» **Exercise objective**: Give again, exactly, every line of the entries below from the one that has "I \<Longrightarrow> l2norm" to the last.

» **Source records**:
┏━━

(* Let $m,n\in\mathbb{N}$ and $f:\mathbb{Z}_n\to\mathbb{C}$. Suppose $\Gamma\subseteq\mathbb{Z}_n$ satisfies $\|f-f|_\Gamma\|_2^2\le\epsilon$ for some $\epsilon>0$. Let $\ell:=\min(n,m)$ and let $g:\mathbb{Z}_m\to\mathbb{C}$ be defined by $g(x)=f(x)$ for $0\le x<\ell$ and $g(x)=0$ otherwise. Let $\epsilon'>0$, let $r=|\Gamma|\,\|f\|_2^2/(2\epsilon')$ and $\Gamma'=\bigcup_{\alpha\in\Gamma}\{\beta\in\mathbb{Z}_m:|\frac mn\alpha-\beta|_m\le r+1\}$. Then, with $t=n/m$, \[\|g-g|_{\Gamma'}\|_2^2\le t\epsilon+\epsilon'+2\sqrt{t\epsilon\epsilon'}.\]
   Context: $\mathbb{Z}_n=\{0,\dots,n-1\}$ with addition mod $n$; elements are treated as these integer representatives. For $h:\mathbb{Z}_n\to\mathbb{C}$: $\langle h_1,h_2\rangle=\frac1n\sum_x h_1(x)\overline{h_2(x)}$, $\|h\|_2^2=\langle h,h\rangle$, $\chi_\alpha(x)=\exp(2\pi i\alpha x/n)$, $\widehat h(\alpha)=\langle h,\chi_\alpha\rangle$, and for $\Gamma\subseteq\mathbb{Z}_n$, $h|_\Gamma=\sum_{\alpha\in\Gamma}\widehat h(\alpha)\chi_\alpha$; analogously on $\mathbb{Z}_m$ with $m$ in place of $n$. For $k\in\mathbb{N}$, $x\in\mathbb{R}$: $|x|_k=\min\{|x-kz|:z\in\mathbb{Z}\}$. *)

theory Defs
  imports Complex_Main
begin

text \<open>Z_n is represented by the integer representatives {0..<n} (type nat);
functions Z_n -> C are functions nat => complex whose values on {0..<n} matter.\<close>

definition zinner :: "nat \<Rightarrow> (nat \<Rightarrow> complex) \<Rightarrow> (nat \<Rightarrow> complex) \<Rightarrow> complex" where
  "zinner n h1 h2 = (1 / of_nat n) * (\<Sum>x<n. h1 x * cnj (h2 x))"

definition znorm2sq :: "nat \<Rightarrow> (nat \<Rightarrow> complex) \<Rightarrow> real" where
  "znorm2sq n h = Re (zinner n h h)"

definition zchar :: "nat \<Rightarrow> nat \<Rightarrow> nat \<Rightarrow> complex" where
  "zchar n \<alpha> x = exp (2 * of_real pi * \<i> * of_nat \<alpha> * of_nat x / of_nat n)"

definition zfourier :: "nat \<Rightarrow> (nat \<Rightarrow> complex) \<Rightarrow> nat \<Rightarrow> complex" where
  "zfourier n h \<alpha> = zinner n h (zchar n \<alpha>)"

definition zrestr :: "nat \<Rightarrow> (nat \<Rightarrow> complex) \<Rightarrow> nat set \<Rightarrow> nat \<Rightarrow> complex" where
  "zrestr n h \<Gamma> = (\<lambda>x. \<Sum>\<alpha>\<in>\<Gamma>. zfourier n h \<alpha> * zchar n \<alpha> x)"

definition distk :: "nat \<Rightarrow> real \<Rightarrow> real" where
  "distk k x = Inf {\<bar>x - real k * of_int z\<bar> | z. True}"

end

theory Submission
  imports Defs "HOL-Analysis.Analysis"
begin

text \<open>Truncating \<open>f|\<^sub>\<Gamma> = \<Sum>\<^sub>\<alpha> f\<^sup>^(\<alpha>) \<chi>\<^sub>\<alpha>\<close> to \<open>[0, \<ell>)\<close> and reading it on \<open>\<int>\<^sub>m\<close>, each
truncated character \<open>\<chi>\<^sub>\<alpha>\<close> has as its \<open>\<beta>\<close>-th Fourier coefficient a geometric sum of modulus at
most \<open>1 / (2 |m\<alpha>/n - \<beta>|\<^sub>m)\<close>. Summing the inverse squares of these distances over all \<open>\<beta> \<notin> \<Gamma>'\<close>,
where they exceed \<open>r + 1\<close>, shows that the part of the truncated character outside \<open>\<Gamma>'\<close> has
squared \<open>\<ell>\<^sup>2\<close>-norm at most \<open>m / (2r)\<close>. Cauchy--Schwarz over \<open>\<alpha> \<in> \<Gamma>\<close> together with Bessel's
inequality bounds the contribution of the main part by \<open>m\<epsilon>'\<close> (this is what fixes \<open>r\<close>), while
the truncated error \<open>f - f|\<^sub>\<Gamma>\<close> contributes at most \<open>n\<epsilon>\<close>, since the projection away from \<open>\<Gamma>'\<close>
does not increase norms. The triangle inequality and normalisation by \<open>m\<close> give the bound.\<close>

definition e2pi :: "real \<Rightarrow> complex" where
  "e2pi \<theta> = exp (2 * of_real pi * \<i> * of_real \<theta>)"

lemma e2pi_add: "e2pi (a + b) = e2pi a * e2pi b"
  unfolding e2pi_def by (simp add: exp_add[symmetric] algebra_simps)

lemma cnj_e2pi: "cnj (e2pi a) = e2pi (- a)"
  unfolding e2pi_def by (simp add: exp_cnj)

lemma e2pi_power: "e2pi a ^ k = e2pi (real k * a)"
  unfolding e2pi_def by (simp add: exp_of_nat_mult[symmetric] algebra_simps)

lemma e2pi_of_int: "e2pi (of_int k) = 1"
  unfolding e2pi_def exp_eq_1 by simp

lemma e2pi_eq_1_imp_Ints: "e2pi \<theta> = 1 \<Longrightarrow> \<theta> \<in> \<int>"
  unfolding e2pi_def exp_eq_1 by (auto simp: algebra_simps)

lemma norm_e2pi [simp]: "cmod (e2pi \<theta>) = 1"
proof -
  have "e2pi \<theta> = exp (\<i> * of_real (2 * pi * \<theta>))"
    unfolding e2pi_def by (simp add: algebra_simps)
  thus ?thesis by simp
qed

lemma norm_e2pi_minus_1: "cmod (e2pi y - 1) = 2 * \<bar>sin (pi * y)\<bar>"
proof -
  have e: "e2pi y = cis (2 * pi * y)"
    unfolding e2pi_def cis_conv_exp by (simp add: algebra_simps)
  have "(cmod (e2pi y - 1))\<^sup>2 = (cos (2 * pi * y) - 1)\<^sup>2 + (sin (2 * pi * y))\<^sup>2"
    unfolding e by (simp add: cmod_def)
  also have "\<dots> = (sin (2 * pi * y))\<^sup>2 + (cos (2 * pi * y))\<^sup>2 - 2 * cos (2 * pi * y) + 1"
    by (simp add: power2_diff)
  also have "\<dots> = 2 - 2 * cos (2 * (pi * y))"
    by (simp only: sin_cos_squared_add) (simp add: mult.assoc)
  also have "\<dots> = (2 * \<bar>sin (pi * y)\<bar>)\<^sup>2"
    by (simp add: cos_double_sin power_mult_distrib)
  finally show ?thesis by (rule power2_eq_imp_eq) auto
qed

lemma jordan_sin_ge:
  assumes "0 \<le> x" "x \<le> pi / 2"
  shows "2 / pi * x \<le> sin x"
proof -
  have concave: "concave_on {0..pi} sin"
    by (rule f''_le0_imp_concave[where f' = cos and f'' = "\<lambda>x. - sin x"])
       (auto intro!: derivative_eq_intros sin_ge_zero)
  define t where "t = 2 / pi * x"
  have t: "0 \<le> t" "t \<le> 1"
    using assms pi_gt_zero unfolding t_def by (auto simp: field_simps)
  have "(1 - t) * sin 0 + t * sin (pi / 2) \<le> sin ((1 - t) *\<^sub>R 0 + t *\<^sub>R (pi / 2))"
    by (rule concave_onD[OF concave]) (use t in auto)
  moreover have "(1 - t) *\<^sub>R 0 + t *\<^sub>R (pi / 2) = x"
    unfolding t_def by simp
  ultimately show ?thesis
    unfolding t_def by simp
qed

lemma abs_sin_pi_ge:
  assumes "\<bar>y\<bar> \<le> 1 / 2"
  shows "2 * \<bar>y\<bar> \<le> \<bar>sin (pi * y)\<bar>"
proof -
  have "2 / pi * (pi * \<bar>y\<bar>) \<le> sin (pi * \<bar>y\<bar>)"
    using mult_left_mono[OF assms, of pi] by (intro jordan_sin_ge) simp_all
  moreover have "\<bar>sin (pi * y)\<bar> = \<bar>sin (pi * \<bar>y\<bar>)\<bar>"
  proof (cases "y \<ge> 0")
    case False
    hence "pi * \<bar>y\<bar> = - (pi * y)"
      by simp
    thus ?thesis
      by (simp only: sin_minus abs_minus_cancel)
  qed simp
  ultimately show ?thesis by simp
qed

section \<open>Characters of \<open>\<int>\<^sub>N\<close>\<close>

lemma zchar_eq_e2pi: "zchar N a x = e2pi (real a * real x / real N)"
  unfolding zchar_def e2pi_def by (simp add: algebra_simps)

lemma zchar_commute: "zchar N a x = zchar N x a"
  unfolding zchar_def by (simp add: algebra_simps)

lemma zchar_mult_cnj_zchar:
  "zchar n \<alpha> x * cnj (zchar m \<beta> x) = e2pi (real \<alpha> / real n - real \<beta> / real m) ^ x"
proof -
  have "zchar n \<alpha> x * cnj (zchar m \<beta> x)
      = e2pi (real \<alpha> * real x / real n + - (real \<beta> * real x / real m))"
    unfolding zchar_eq_e2pi cnj_e2pi e2pi_add by simp
  also have "real \<alpha> * real x / real n + - (real \<beta> * real x / real m)
      = real x * (real \<alpha> / real n - real \<beta> / real m)"
    by (simp add: algebra_simps)
  finally show ?thesis by (simp add: e2pi_power)
qed

lemma zchar_orthogonal:
  assumes "N > 0" "a < N" "b < N"
  shows "(\<Sum>x<N. zchar N a x * cnj (zchar N b x)) = (if a = b then of_nat N else 0)"
proof (cases "a = b")
  case True
  thus ?thesis
    unfolding zchar_mult_cnj_zchar by (simp add: e2pi_def)
next
  case False
  define z where "z = e2pi (real a / real N - real b / real N)"
  have "z \<noteq> 1"
  proof
    assume "z = 1"
    then obtain k where k: "real a / real N - real b / real N = of_int k"
      unfolding z_def by (metis e2pi_eq_1_imp_Ints Ints_cases)
    hence "real a - real b = of_int k * real N"
      using assms by (simp add: field_simps)
    moreover have "\<bar>real a - real b\<bar> < real N"
      using assms by auto
    ultimately have "\<bar>of_int k :: real\<bar> < 1"
      using assms by (simp add: abs_mult)
    hence "k = 0" by linarith
    thus False
      using k False assms by (simp add: field_simps)
  qed
  moreover have "z ^ N = 1"
  proof -
    have "real N * (real a / real N - real b / real N) = of_int (int a - int b)"
      using assms by (simp add: field_simps)
    thus ?thesis
      unfolding z_def e2pi_power by (simp only: e2pi_of_int)
  qed
  ultimately have "(\<Sum>x<N. z ^ x) = 0"
    by (simp add: geometric_sum)
  thus ?thesis
    using False unfolding zchar_mult_cnj_zchar z_def by simp
qed

lemma zchar_orthogonal_dual:
  assumes "N > 0" "x < N" "y < N"
  shows "(\<Sum>\<beta><N. zchar N \<beta> x * cnj (zchar N \<beta> y)) = (if x = y then of_nat N else 0)"
  using zchar_orthogonal[OF assms] by (simp add: zchar_commute[of N _ x] zchar_commute[of N _ y])

lemma zfourier_inversion:
  assumes "N > 0" "x < N"
  shows "(\<Sum>\<beta><N. zfourier N u \<beta> * zchar N \<beta> x) = u x"
proof -
  have "(\<Sum>\<beta><N. zfourier N u \<beta> * zchar N \<beta> x)
      = (\<Sum>\<beta><N. \<Sum>y<N. (1 / of_nat N) * u y * (zchar N \<beta> x * cnj (zchar N \<beta> y)))"
    unfolding zfourier_def zinner_def sum_distrib_right sum_distrib_left
    by (intro sum.cong refl) (simp add: mult_ac)
  also have "\<dots> = (\<Sum>y<N. (1 / of_nat N) * u y * (\<Sum>\<beta><N. zchar N \<beta> x * cnj (zchar N \<beta> y)))"
    by (subst sum.swap) (simp add: sum_distrib_left)
  also have "\<dots> = (\<Sum>y<N. if y = x then u x else 0)"
    using assms by (intro sum.cong refl) (auto simp: zchar_orthogonal_dual)
  also have "\<dots> = u x"
    using assms by simp
  finally show ?thesis .
qed

lemma zfourier_cong:
  "(\<And>x. x < N \<Longrightarrow> u x = v x) \<Longrightarrow> zfourier N u \<beta> = zfourier N v \<beta>"
  unfolding zfourier_def zinner_def by (intro arg_cong[where f = "\<lambda>s. (1 / of_nat N) * s"] sum.cong) auto

lemma zfourier_add: "zfourier N (\<lambda>x. u x + v x) \<beta> = zfourier N u \<beta> + zfourier N v \<beta>"
  unfolding zfourier_def zinner_def by (simp add: sum.distrib distrib_left distrib_right)

lemma zfourier_sum:
  "zfourier N (\<lambda>x. \<Sum>i\<in>I. a i * v i x) \<beta> = (\<Sum>i\<in>I. a i * zfourier N (v i) \<beta>)"
  unfolding zfourier_def zinner_def sum_distrib_left sum_distrib_right
  by (subst sum.swap) (simp add: mult_ac)

definition l2norm :: "nat \<Rightarrow> (nat \<Rightarrow> complex) \<Rightarrow> real" where
  "l2norm N u = L2_set (\<lambda>x. cmod (u x)) {..<N}"

lemma l2norm_power2: "(l2norm N u)\<^sup>2 = (\<Sum>x<N. (cmod (u x))\<^sup>2)"
  unfolding l2norm_def L2_set_def by (simp add: sum_nonneg)

lemma l2norm_nonneg: "0 \<le> l2norm N u"
  unfolding l2norm_def by (rule L2_set_nonneg)

lemma sum_mult_cnj_self: "(\<Sum>x\<in>A. u x * cnj (u x)) = of_real (\<Sum>x\<in>A. (cmod (u x))\<^sup>2)"
  by (simp only: of_real_sum complex_norm_square)

lemma znorm2sq_eq_l2norm: "znorm2sq N u = (l2norm N u)\<^sup>2 / real N"
  unfolding znorm2sq_def zinner_def l2norm_power2 sum_mult_cnj_self
  by (cases "N = 0") (simp_all add: Re_divide power2_eq_square)

lemma l2norm_cong: "(\<And>x. x < N \<Longrightarrow> u x = v x) \<Longrightarrow> l2norm N u = l2norm N v"
  unfolding l2norm_def by (intro L2_set_cong) auto

lemma l2norm_add_le: "l2norm N (\<lambda>x. u x + v x) \<le> l2norm N u + l2norm N v"
proof -
  have "l2norm N (\<lambda>x. u x + v x) \<le> L2_set (\<lambda>x. cmod (u x) + cmod (v x)) {..<N}"
    unfolding l2norm_def by (intro L2_set_mono norm_triangle_ineq) auto
  also have "\<dots> \<le> l2norm N u + l2norm N v"
    unfolding l2norm_def by (rule L2_set_triangle_ineq)
  finally show ?thesis .
qed

lemma l2norm_scale: "l2norm N (\<lambda>x. a * u x) = cmod a * l2norm N u"
  unfolding l2norm_def by (simp add: L2_set_right_distrib norm_mult)

lemma l2norm_sum_le: "finite I \<Longrightarrow> l2norm N (\<lambda>x. \<Sum>i\<in>I. w i x) \<le> (\<Sum>i\<in>I. l2norm N (w i))"
proof (induction I rule: finite_induct)
  case empty
  show ?case by (simp add: l2norm_def L2_set_def)
next
  case (insert i I)
  have "l2norm N (\<lambda>x. \<Sum>j\<in>insert i I. w j x) = l2norm N (\<lambda>x. w i x + (\<Sum>j\<in>I. w j x))"
    using insert by simp
  also have "\<dots> \<le> l2norm N (w i) + l2norm N (\<lambda>x. \<Sum>j\<in>I. w j x)"
    by (rule l2norm_add_le)
  finally show ?case
    using insert by simp
qed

┗━━

» **Expected answer**:
lemma l2norm_sum_le: "finite I \<Longrightarrow> l2norm N (\<lambda>x. \<Sum>i\<in>I. w i x) \<le> (\<Sum>i\<in>I. l2norm N (w i))"
proof (induction I rule: finite_induct)
  case empty
  show ?case by (simp add: l2norm_def L2_set_def)
next
  case (insert i I)
  have "l2norm N (\<lambda>x. \<Sum>j\<in>insert i I. w j x) = l2norm N (\<lambda>x. w i x + (\<Sum>j\<in>I. w j x))"
    using insert by simp
  also have "\<dots> \<le> l2norm N (w i) + l2norm N (\<lambda>x. \<Sum>j\<in>I. w j x)"
    by (rule l2norm_add_le)
  finally show ?case
    using insert by simp
qed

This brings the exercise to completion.